Récemment, de nombreux cas liés à des artistes tombés ont choqué l'opinion publique. Pour l'artiste du peuple Phương Thảo, après des dizaines d'années d'activité dans le monde du spectacle, les tentations vous ont-elles déjà approchée?
- La vie a beaucoup de tentations, et cela arrive à beaucoup de gens, pas seulement aux artistes.

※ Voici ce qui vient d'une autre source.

section \<open>Averaging over a finite group\<close>

lemma (in group) twisted_average_eigenvector:
  fixes scale :: "'r::comm_ring_1 \<Rightarrow> 'v::ab_group_add \<Rightarrow> 'v"
  assumes "Modules.module scale"
    and hom: "\<And>g. g \<in> carrier G \<Longrightarrow> Modules.module_hom scale scale (\<rho> g)"
    and action: "\<And>g h x. g \<in> carrier G \<Longrightarrow> h \<in> carrier G \<Longrightarrow> \<rho> (g \<otimes> h) x = \<rho> g (\<rho> h x)"
    and char: "\<And>g h. g \<in> carrier G \<Longrightarrow> h \<in> carrier G \<Longrightarrow> \<chi> (g \<otimes> h) = \<chi> g * \<chi> h"
    and u: "u \<in> carrier G"
  shows "\<rho> u (\<Sum>w\<in>carrier G. scale (\<chi> (inv w)) (\<rho> w v))
       = scale (\<chi> u) (\<Sum>w\<in>carrier G. scale (\<chi> (inv w)) (\<rho> w v))"
proof -
  have "\<rho> u (\<Sum>w\<in>carrier G. scale (\<chi> (inv w)) (\<rho> w v))
      = (\<Sum>w\<in>carrier G. scale (\<chi> (inv w)) (\<rho> (u \<otimes> w) v))"
    using u by (simp add: Modules.module_hom.sum[OF hom[OF u]] Modules.module_hom.scale[OF hom[OF u]] action)
  also have "\<dots> = (\<Sum>w\<in>carrier G. scale (\<chi> u * \<chi> (inv (u \<otimes> w))) (\<rho> (u \<otimes> w) v))"
  proof (rule sum.cong[OF refl])
    fix w assume w: "w \<in> carrier G"
    have "inv w = inv (u \<otimes> w) \<otimes> u" using u w by (simp add: inv_mult_group m_assoc)
    then have "\<chi> (inv w) = \<chi> u * \<chi> (inv (u \<otimes> w))" using u w char by (simp add: mult.commute)
    then show "scale (\<chi> (inv w)) (\<rho> (u \<otimes> w) v) = scale (\<chi> u * \<chi> (inv (u \<otimes> w))) (\<rho> (u \<otimes> w) v)"
      by simp
  qed
  also have "\<dots> = (\<Sum>y\<in>carrier G. scale (\<chi> u * \<chi> (inv y)) (\<rho> y v))"
    by (rule sum.reindex_bij_witness[where i = "\<lambda>y. inv u \<otimes> y" and j = "\<lambda>w. u \<otimes> w"])
      (use u in \<open>auto simp: m_assoc[symmetric]\<close>)
  also have "\<dots> = scale (\<chi> u) (\<Sum>y\<in>carrier G. scale (\<chi> (inv y)) (\<rho> y v))"
    by (simp add: Modules.module.scale_sum_right[OF assms(1)] Modules.module.scale_scale[OF assms(1)])
  finally show ?thesis .
qed

lemma (in group) convolution_with_character_delta:
  fixes \<chi> :: "'a \<Rightarrow> 'r::comm_ring_1"
  assumes "finite (carrier G)" and H: "subgroup H G"
    and char: "\<And>u w. u \<in> H \<Longrightarrow> w \<in> H \<Longrightarrow> \<chi> (u \<otimes> w) = \<chi> u * \<chi> w" and "\<chi> \<one> = 1"
    and f: "\<And>u g. u \<in> H \<Longrightarrow> g \<in> carrier G \<Longrightarrow> f (u \<otimes> g) = \<chi> u * f g"
    and h: "\<And>g. g \<in> carrier G \<Longrightarrow> h g = (if g \<in> H then \<chi> g * c else 0)"
    and g: "g \<in> carrier G"
  shows "(\<Sum>z\<in>carrier G. f z * h (g \<otimes> inv z)) = of_nat (card H) * c * f g"
proof -
  have HG: "H \<subseteq> carrier G" using H by (rule subgroup.subset)
  have cancel: "g \<otimes> (inv g \<otimes> y) = y" if "y \<in> carrier G" for y
    using g that by (simp add: m_assoc[symmetric])
  have "(\<Sum>z\<in>carrier G. f z * h (g \<otimes> inv z)) = (\<Sum>y\<in>carrier G. f (inv y \<otimes> g) * h y)"
    by (rule sum.reindex_bij_witness[where i = "\<lambda>y. inv y \<otimes> g" and j = "\<lambda>z. g \<otimes> inv z"])
      (use g in \<open>auto simp: inv_mult_group m_assoc cancel\<close>)
  also have "\<dots> = (\<Sum>y\<in>H. f (inv y \<otimes> g) * h y)"
    using \<open>finite (carrier G)\<close> HG h by (intro sum.mono_neutral_right) auto
  also have "\<dots> = (\<Sum>y\<in>H. c * f g)"
  proof (rule sum.cong[OF refl])
    fix y assume y: "y \<in> H"
    have "inv y \<in> H" using H y by (rule subgroup.m_inv_closed)
    then have "\<chi> (inv y) * \<chi> y = 1"
      using char[of "inv y" y] y HG \<open>\<chi> \<one> = 1\<close> by auto
    then show "f (inv y \<otimes> g) * h y = c * f g"
      using f[OF \<open>inv y \<in> H\<close> g] h y HG by (auto simp: algebra_simps)
  qed
  finally show ?thesis by simp
qed

section \<open>Whittaker functions on the mirabolic group\<close>

locale whittaker_datum = nondegenerate_additive_char \<psi>
  for \<psi> :: "'f::{finite,field} \<Rightarrow> 'r::comm_ring_1" +
  fixes n :: nat and scale :: "'r \<Rightarrow> 'v::ab_group_add \<Rightarrow> 'v"
    and \<rho> :: "'f mat \<Rightarrow> 'v \<Rightarrow> 'v" and lam :: "'v \<Rightarrow> 'r"
  assumes rep: "is_rep n scale \<rho>"
    and whittaker: "whittaker_type n scale \<rho> \<psi>"
    and generator: "dual_generator n scale \<rho> \<psi> lam"
begin

lemma module_scale: "Modules.module scale"
  using rep by (simp add: is_rep_def)

lemma rho_hom: "g \<in> GL n \<Longrightarrow> Modules.module_hom scale scale (\<rho> g)"
  using rep by (simp add: is_rep_def)

lemma rho_mult: "g \<in> GL n \<Longrightarrow> h \<in> GL n \<Longrightarrow> \<rho> (g * h) x = \<rho> g (\<rho> h x)"
  using rep by (simp add: is_rep_def)

lemma lam_hom: "Modules.module_hom scale (*) lam"
  using generator by (simp add: dual_generator_def lin_form_def)

lemma lam_rho_unip: "u \<in> unip n \<Longrightarrow> lam (\<rho> u x) = psiN n \<psi> u * lam x"
proof -
  assume u: "u \<in> unip n"
  have "\<rho> u x - scale (psiN n \<psi> u) x \<in> coinv_kernel n scale \<rho> \<psi>"
    unfolding coinv_kernel_def by (rule Modules.module.span_base[OF module_scale]) (use u in blast)
  then have "lam (\<rho> u x - scale (psiN n \<psi> u) x) = 0"
    using generator by (simp add: dual_generator_def)
  then show ?thesis
    by (simp add: Modules.module_hom.diff[OF lam_hom] Modules.module_hom.scale[OF lam_hom])
qed

lemma ex_lam_eq_1: "\<exists>v. lam v = 1"
proof -
  obtain f where "lin_form scale f" "surj f" "\<And>v. f v = 0 \<longleftrightarrow> v \<in> coinv_kernel n scale \<rho> \<psi>"
    using whittaker by (auto simp: whittaker_type_def)
  moreover obtain w where "f w = 1" using \<open>surj f\<close> by (metis surjD)
  ultimately obtain r where "\<And>v. f v = r * lam v"
    using generator by (auto simp: dual_generator_def)
  then have "lam (scale r w) = 1"
    using \<open>f w = 1\<close> by (simp add: Modules.module_hom.scale[OF lam_hom])
  then show ?thesis ..
qed

lemma ex_unip_eigenvector:
  "\<exists>v. lam v = of_nat (card (unip n :: 'f mat set)) \<and> (\<forall>u\<in>unip n. \<rho> u v = scale (psiN n \<psi> u) v)"
proof -
  let ?N = "(mirabolic_group n :: 'f mat monoid)\<lparr>carrier := unip n\<rparr>"
  interpret N: group ?N
    by (rule group.subgroup_imp_group[OF group_mirabolic_group subgroup_unip])
  have NG: "u \<in> unip n \<Longrightarrow> u \<in> GL n" for u
    using unip_subset_mirabolic mirabolic_GL by blast
  obtain v0 where "lam v0 = 1" using ex_lam_eq_1 by blast
  define v where "v = (\<Sum>w\<in>unip n. scale (psiN n \<psi> (inv\<^bsub>?N\<^esub> w)) (\<rho> w v0))"
  have eigen: "\<rho> u v = scale (psiN n \<psi> u) v" if "u \<in> unip n" for u
    using N.twisted_average_eigenvector[OF module_scale, of \<rho> "psiN n \<psi>" u v0] that
    by (simp add: v_def rho_hom NG rho_mult psiN_mult)
  have "lam v = (\<Sum>w\<in>unip n. psiN n \<psi> (inv\<^bsub>?N\<^esub> w) * psiN n \<psi> w)"
    using \<open>lam v0 = 1\<close> by (simp add: v_def Modules.module_hom.sum[OF lam_hom]
        Modules.module_hom.scale[OF lam_hom] lam_rho_unip)
  also have "\<dots> = (\<Sum>w\<in>(unip n :: 'f mat set). 1)"
  proof (rule sum.cong[OF refl])
    fix w :: "'f mat" assume w: "w \<in> unip n"
    then have "inv\<^bsub>?N\<^esub> w \<in> unip n" "inv\<^bsub>?N\<^esub> w * w = 1\<^sub>m n"
      using N.inv_closed[of w] N.l_inv[of w] by simp_all
    then show "psiN n \<psi> (inv\<^bsub>?N\<^esub> w) * psiN n \<psi> w = 1"
      using w by (simp flip: psiN_mult add: psiN_one)
  qed
  finally show ?thesis using eigen by auto
qed

lemma eigen_whittaker_function:
  obtains v where "\<And>g. g \<in> mirabolic n \<Longrightarrow>
    lam (\<rho> g v) = (if g \<in> unip n then psiN n \<psi> g * of_nat (card (unip n :: 'f mat set)) else 0)"
proof -
  obtain v where v1: "lam v = of_nat (card (unip n :: 'f mat set))"
    and eigen: "\<And>u. u \<in> unip n \<Longrightarrow> \<rho> u v = scale (psiN n \<psi> u) v"
    using ex_unip_eigenvector by blast
  define h where "h g = lam (\<rho> g v)" for g
  have left: "h (u * g) = psiN n \<psi> u * h g" and right: "h (g * u) = h g * psiN n \<psi> u"
    if "u \<in> unip n" "g \<in> mirabolic n" for u g
  proof -
    have "u \<in> GL n" "g \<in> GL n" using that unip_subset_mirabolic mirabolic_GL by auto
    then show "h (u * g) = psiN n \<psi> u * h g" "h (g * u) = h g * psiN n \<psi> u"
      using that by (simp_all add: h_def rho_mult lam_rho_unip eigen mult.commute
          Modules.module_hom.scale[OF lam_hom] Modules.module_hom.scale[OF rho_hom])
  qed
  then have "unip_biequivariant n h" by (simp add: unip_biequivariant_def)
  have "h u = psiN n \<psi> u * of_nat (card (unip n :: 'f mat set))" if "u \<in> unip n" for u
  proof -
    have "h u = h (u * 1\<^sub>m n)" using unip_carrier[OF that] by simp
    also have "\<dots> = psiN n \<psi> u * h (1\<^sub>m n)"
      using left[OF that one_mirabolic] by simp
    finally show ?thesis using v1 rep by (simp add: h_def is_rep_def)
  qed
  then have "h g = (if g \<in> unip n then psiN n \<psi> g * of_nat (card (unip n :: 'f mat set)) else 0)"
    if "g \<in> mirabolic n" for g
    using unip_biequivariant_support[OF \<open>unip_biequivariant n h\<close> that] by (cases "g \<in> unip n") auto
  then show thesis using that[of v] unfolding h_def by blast
qed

Les maux sociaux sont également les mêmes, ils peuvent arriver à n'importe qui, dans n'importe quelle profession.
Tout d'abord, il faut commencer par la prise de conscience, que chacun doit être conscient que c'est un mauvais comportement. Peu importe à quel point les substances interdites sont connues, mais tant que nous savons qu'elles sont mauvaises, nous ne les utiliserons jamais. À partir de cette prise de conscience, nous ne nous retrouverons jamais dans ces maux, et nous n'aurons pas non plus à nous forcer à dire que je dois essayer d'éviter la tentation.
Je pense que chacun doit chérir sa vie, être conscient de construire un mode de vie sain et aussi des relations saines. C'est la conscience et le choix de chacun.
Quant aux personnes ayant des circonstances personnelles, elles ont des problèmes psychologiques, elles ont aussi de nombreux obstacles... Je prends l'exemple, aujourd'hui, beaucoup de gens hésitent encore face aux problèmes liés à la santé mentale. Certaines personnes souffrent de dépression sans savoir qu'elles sont déprimées.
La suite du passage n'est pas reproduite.